◆ **ASSIGNED TASK**
Report how many lines of the records below include the word "next". Give nothing but the number.

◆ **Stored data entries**
definition triangulation :: "nat \<Rightarrow> nat set set \<Rightarrow> bool" where
  "triangulation n T \<longleftrightarrow>
     (\<forall>e\<in>T. diagonal n e) \<and>
     (\<forall>e\<in>T. \<forall>f\<in>T. \<not> crosses e f) \<and>
     (\<forall>e. diagonal n e \<and> e \<notin> T \<longrightarrow> (\<exists>f\<in>T. crosses e f))"

definition blocker :: "nat \<Rightarrow> nat set set \<Rightarrow> bool" where
  "blocker n B \<longleftrightarrow> (\<forall>e\<in>B. diagonal n e) \<and>
     (\<forall>T. triangulation n T \<longrightarrow> B \<inter> T \<noteq> {})"

definition saturated_blocker :: "nat \<Rightarrow> nat set set \<Rightarrow> bool" where
  "saturated_blocker n B \<longleftrightarrow> blocker n B \<and> (\<forall>e\<in>B. \<not> blocker n (B - {e}))"

definition nk_blocker :: "nat \<Rightarrow> nat \<Rightarrow> nat set set \<Rightarrow> bool" where
  "nk_blocker n k B \<longleftrightarrow> saturated_blocker n B \<and> finite B \<and> card B = k"

definition ear_cover :: "nat \<Rightarrow> nat \<Rightarrow> nat set" where
  "ear_cover n i = {(i + n - 1) mod n, (i + 1) mod n}"

definition deg :: "nat set set \<Rightarrow> nat \<Rightarrow> nat" where
  "deg B i = card {e \<in> B. i \<in> e}"

end

theory Submission
  imports Defs
begin

(* A convex polygon is modelled by a finite set S of naturals, its vertices in increasing
   cyclic order. If the ear {prev v, next v} of a vertex v is not in a blocker B of S, then the
   diagonals of B avoiding v form a blocker of S - {v}: a triangulation of S - {v} avoiding them
   extends by the ear of v to a triangulation of S avoiding B. If |B| <= |S| - 3, some vertex met
   by B has its ear outside B (otherwise the vertices met by B are closed under next, so all ears
   lie in B, and the |S| - 2 ears of the non-extreme vertices are distinct). Deleting that vertex
   and inducting on |S| shows that every blocker of S has at least |S| - 2 diagonals. For the
   n-gon, deleting vertex i leaves the blocker of the (n-1)-gon formed by the n - 1 - deg(i)
   diagonals of B avoiding i, so n - 1 - deg(i) >= n - 3. *)

definition polygon_diagonal :: "nat set \<Rightarrow> nat set \<Rightarrow> bool" where
  "polygon_diagonal S e \<longleftrightarrow> (\<exists>a b. e = {a, b} \<and> a \<in> S \<and> b \<in> S \<and> a < b
      \<and> (\<exists>c\<in>S. a < c \<and> c < b) \<and> (\<exists>c\<in>S. c < a \<or> b < c))"
(* The binary predicate $\mathrm{Sl}$ on $\mathsf{W}^N_3$ is first-order definable in the structure $(\mathsf{W}^N_3,\prec,\Diamond_1,\Diamond_3)$.
   Context: Words are finite strings over $\mathbb{N}$; $\mathsf{W}_\omega$ is the set of all words, $\Lambda$ the empty word, $AB$ concatenation. For $k\in\mathbb{N}$, $\mathsf{S}_k$ is the set of words all of whose symbols are $\ge k$; $\mathsf{W}_3$ is the set of words all of whose symbols are $\le3$. Given a linear preorder $\precsim$ with $A\sim B$ iff $A\precsim B\wedge B\precsim A$ and $A\prec B$ iff $A\precsim B\wedge\neg B\precsim A$, a finite sequence $(A_1,\dots,A_p)$ is lexicographically not greater than $(B_1,\dots,B_q)$ iff either $p\le q$ and $A_i\sim B_i$ for all $i\le p$, or there is $s<\min(p,q)$ with $A_i\sim B_i$ for $i\le s$ and $A_{s+1}\prec B_{s+1}$. A lexicographically maximal subsequence of a finite sequence is a subsequence that is lexicographically not less than every subsequence. The linear preorder $\precsim$ on $\mathsf{W}_\omega$ is defined by recursion on (largest symbol of $AB$) $-$ (smallest symbol of $AB$): $\Lambda\precsim\Lambda$; if $AB$ is nonempty with minimal symbol $n$, write uniquely $A=A_1n\cdots nA_k$, $B=B_1n\cdots nB_l$ ($k,l\ge1$) with $A_i,B_j\in\mathsf{S}_{n+1}$ (possibly empty); let $C,D$ be lexicographically maximal subsequences of $(A_1,\dots,A_k)$, $(B_1,\dots,B_l)$; then $A\precsim B$ iff $C$ is lexicographically not greater than $D$. The set $\mathsf{NF}$: $\Lambda\in\mathsf{NF}$; a word with minimal symbol $n$, written $A_1n\cdots nA_k$ with $k\ge2$, $A_i\in\mathsf{S}_{n+1}$, is in $\mathsf{NF}$ iff $A_k\precsim\dots\precsim A_1$ and all $A_i\in\mathsf{NF}$. Every word is equivalent to exactly one word of $\mathsf{NF}$. For $A\in\mathsf{NF}$, $\Diamond_nA$ is the unique word of $\mathsf{NF}$ equivalent to $An$. $\mathsf{W}^N_3=\mathsf{W}_3\cap\mathsf{NF}$. For $A,B\in\mathsf{W}^N_3$, $\mathrm{Sl}(A,B)$ ("$B$ is a slice of $A$") holds iff $A\neq\Lambda$, $B\neq\Lambda$, and there are $n\ge m\ge1$ and $C_1,\dots,C_n\in\mathsf{S}_1$ with $A=C_10C_20\cdots0C_n$ and $B=C_10C_20\cdots0C_m$. *)

theory Defs
  imports Main
begin

type_synonym word = "nat list"

definition S :: "nat \<Rightarrow> word set" where
  "S k = {A. \<forall>x\<in>set A. k \<le> x}"

definition W3 :: "word set" where
  "W3 = {A. \<forall>x\<in>set A. x \<le> 3}"

fun splitw :: "nat \<Rightarrow> word \<Rightarrow> word list" where
  "splitw n [] = [[]]"
| "splitw n (x # xs) =
     (if x = n then [] # splitw n xs
      else (let r = splitw n xs in (x # hd r) # tl r))"

fun joinw :: "nat \<Rightarrow> word list \<Rightarrow> word" where
  "joinw n [] = []"
| "joinw n [A] = A"
| "joinw n (A # As) = A @ n # joinw n As"

definition lexle :: "('a \<Rightarrow> 'a \<Rightarrow> bool) \<Rightarrow> 'a list \<Rightarrow> 'a list \<Rightarrow> bool" where
  "lexle R As Bs \<longleftrightarrow>
     (length As \<le> length Bs \<and>
        (\<forall>i<length As. R (As ! i) (Bs ! i) \<and> R (Bs ! i) (As ! i)))
   \<or> (\<exists>s<min (length As) (length Bs).
        (\<forall>i<s. R (As ! i) (Bs ! i) \<and> R (Bs ! i) (As ! i))
        \<and> R (As ! s) (Bs ! s) \<and> \<not> R (Bs ! s) (As ! s))"

definition lexmax :: "('a \<Rightarrow> 'a \<Rightarrow> bool) \<Rightarrow> 'a list \<Rightarrow> 'a list \<Rightarrow> bool" where
  "lexmax R As Cs \<longleftrightarrow> Cs \<in> set (subseqs As) \<and> (\<forall>Es\<in>set (subseqs As). lexle R Es Cs)"
lemma diagonal_union_approximable:
  assumes "algebra UNIV \<B>" and T: "\<And>i. T i \<in> \<B>" and clop: "\<And>i n. slice (T i) n \<in> Clop"
    and small: "\<And>i n. N i \<le> n \<Longrightarrow> lam (slice (T i) n) \<le> c * (1/2)^i" and "c \<ge> 0" and "e > 0"
  shows "\<exists>U\<in>\<B>. \<forall>\<^sub>F n in sequentially.
           slice U n \<subseteq> slice (diagonal_union T N) n \<and> lam (slice (diagonal_union T N) n - slice U n) \<le> e"
proof -
  interpret algebra UNIV \<B> by (rule assms(1))
  obtain m where "(1/2::real)^m < e / (2 * c + 1)"
    using real_arch_pow_inv[of "e / (2 * c + 1)" "1/2"] \<open>e > 0\<close> \<open>c \<ge> 0\<close> by auto
  then have "2 * c * (1/2)^m \<le> e"
    using \<open>c \<ge> 0\<close> by (simp add: field_simps)
  then have small_tail: "lam (slice (diagonal_union T N) n - slice (\<Union>i<m. T i) n) \<le> e" for n
    using lam_slice_diagonal_union_Diff_le[where T=T and N=N and n=n and m=m] clop small \<open>c \<ge> 0\<close>
    by (force simp: slice_UN)
  have "\<forall>\<^sub>F n in sequentially. \<forall>i\<in>{..<m}. slice (T i) n \<subseteq> slice (diagonal_union T N) n"
    by (intro eventually_ball_finite ballI eventually_slice_subset_diagonal_union) auto
  then have "\<forall>\<^sub>F n in sequentially. slice (\<Union>i<m. T i) n \<subseteq> slice (diagonal_union T N) n"
    by (rule eventually_mono) (auto simp: slice_UN)
  moreover have "(\<Union>i<m. T i) \<in> \<B>" using T by auto
  ultimately show ?thesis using small_tail by (auto elim!: eventually_mono)
qed

theorem lemma2p5:
  fixes \<B> :: "(nat \<times> cantor) set set"
    and \<S> :: "(nat \<Rightarrow> (nat \<times> cantor) set) set"
    and \<epsilon> :: real
  assumes "countable \<B>" and "admissible_algebra \<B>"
    and "countable \<S>" and "\<S> \<subseteq> Nseq \<B>"
    and "\<epsilon> > 0"
  shows "\<exists>A :: (nat \<times> cantor) set.
           admissible_algebra (gen_algebra (\<B> \<union> {A})) \<and>
           (\<forall>Bs\<in>\<S>. \<exists>k0. \<forall>\<^sub>F n in sequentially. slice (Bs k0) n \<subseteq> slice A n) \<and>
           mu A \<le> \<epsilon>"
proof -
  have alg: "algebra UNIV \<B>" and adm: "\<And>C. C \<in> \<B> \<Longrightarrow> admissible C"
    using assms(2) by (auto simp: admissible_algebra_def)
  \<comment> \<open>The trivial sequence pads \<S>, since \<open>from_nat_into\<close> enumerates only nonempty sets.\<close>
  define s where "s = from_nat_into (insert (\<lambda>k. {}) \<S>)"
  have s_Nseq: "s i \<in> Nseq \<B>" for i
    unfolding s_def using from_nat_into[of "insert (\<lambda>k. {}) \<S>" i] Nseq_empty[OF alg] assms(4) by auto
  have \<S>_range: "\<S> \<subseteq> range s"
    unfolding s_def using subset_range_from_nat_into[of "insert (\<lambda>k. {}) \<S>"] assms(3) by auto
  have "\<exists>k N. \<forall>n\<ge>N. lam (slice (s i k) n) < \<epsilon>/2 * (1/2)^i" for i
    by (rule eventually_lam_slice_less[OF assms(2) s_Nseq]) (use assms(5) in simp)
  then obtain k N where small: "\<And>i n. N i \<le> n \<Longrightarrow> lam (slice (s i (k i)) n) \<le> \<epsilon>/2 * (1/2)^i"
    by (metis less_le)
  define T where "T i = s i (k i)" for i
  have T: "T i \<in> \<B>" for i using s_Nseq by (simp add: T_def Nseq_def)
  then have clop: "slice (T i) n \<in> Clop" for i n using adm by (simp add: admissible_def)
  have small_T: "N i \<le> n \<Longrightarrow> lam (slice (T i) n) \<le> \<epsilon>/2 * (1/2)^i" for i n
    using small by (simp add: T_def)
  define A where "A = diagonal_union T N"
  have "admissible_algebra (gen_algebra (\<B> \<union> {A}))"
    unfolding A_def using assms(5)
    by (intro admissible_algebra_gen_algebra_insert[OF assms(2)] Clop_slice_diagonal_union clop
        diagonal_union_approximable[OF alg T clop small_T]) auto
  moreover have "\<forall>Bs\<in>\<S>. \<exists>k0. \<forall>\<^sub>F n in sequentially. slice (Bs k0) n \<subseteq> slice A n"
  proof
    fix Bs assume "Bs \<in> \<S>"
    then obtain i where "Bs = s i" using \<S>_range by blast
    then show "\<exists>k0. \<forall>\<^sub>F n in sequentially. slice (Bs k0) n \<subseteq> slice A n"
      using eventually_slice_subset_diagonal_union[of T i N] by (auto simp: A_def T_def)
  qed
  moreover have "mu A \<le> \<epsilon>"
  proof (rule mu_le)
    show "admissible A"
      using calculation(1) gen_algebra_superset[of "\<B> \<union> {A}"] by (auto simp: admissible_algebra_def)
    show "lam (slice A n) \<le> \<epsilon>" for n
      using lam_slice_diagonal_union_Diff_le[OF clop small_T, where m=0] assms(5) by (simp add: A_def)
  qed
  ultimately show ?thesis by blast
qed

end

◆ **EXERCISE OUTPUT**
2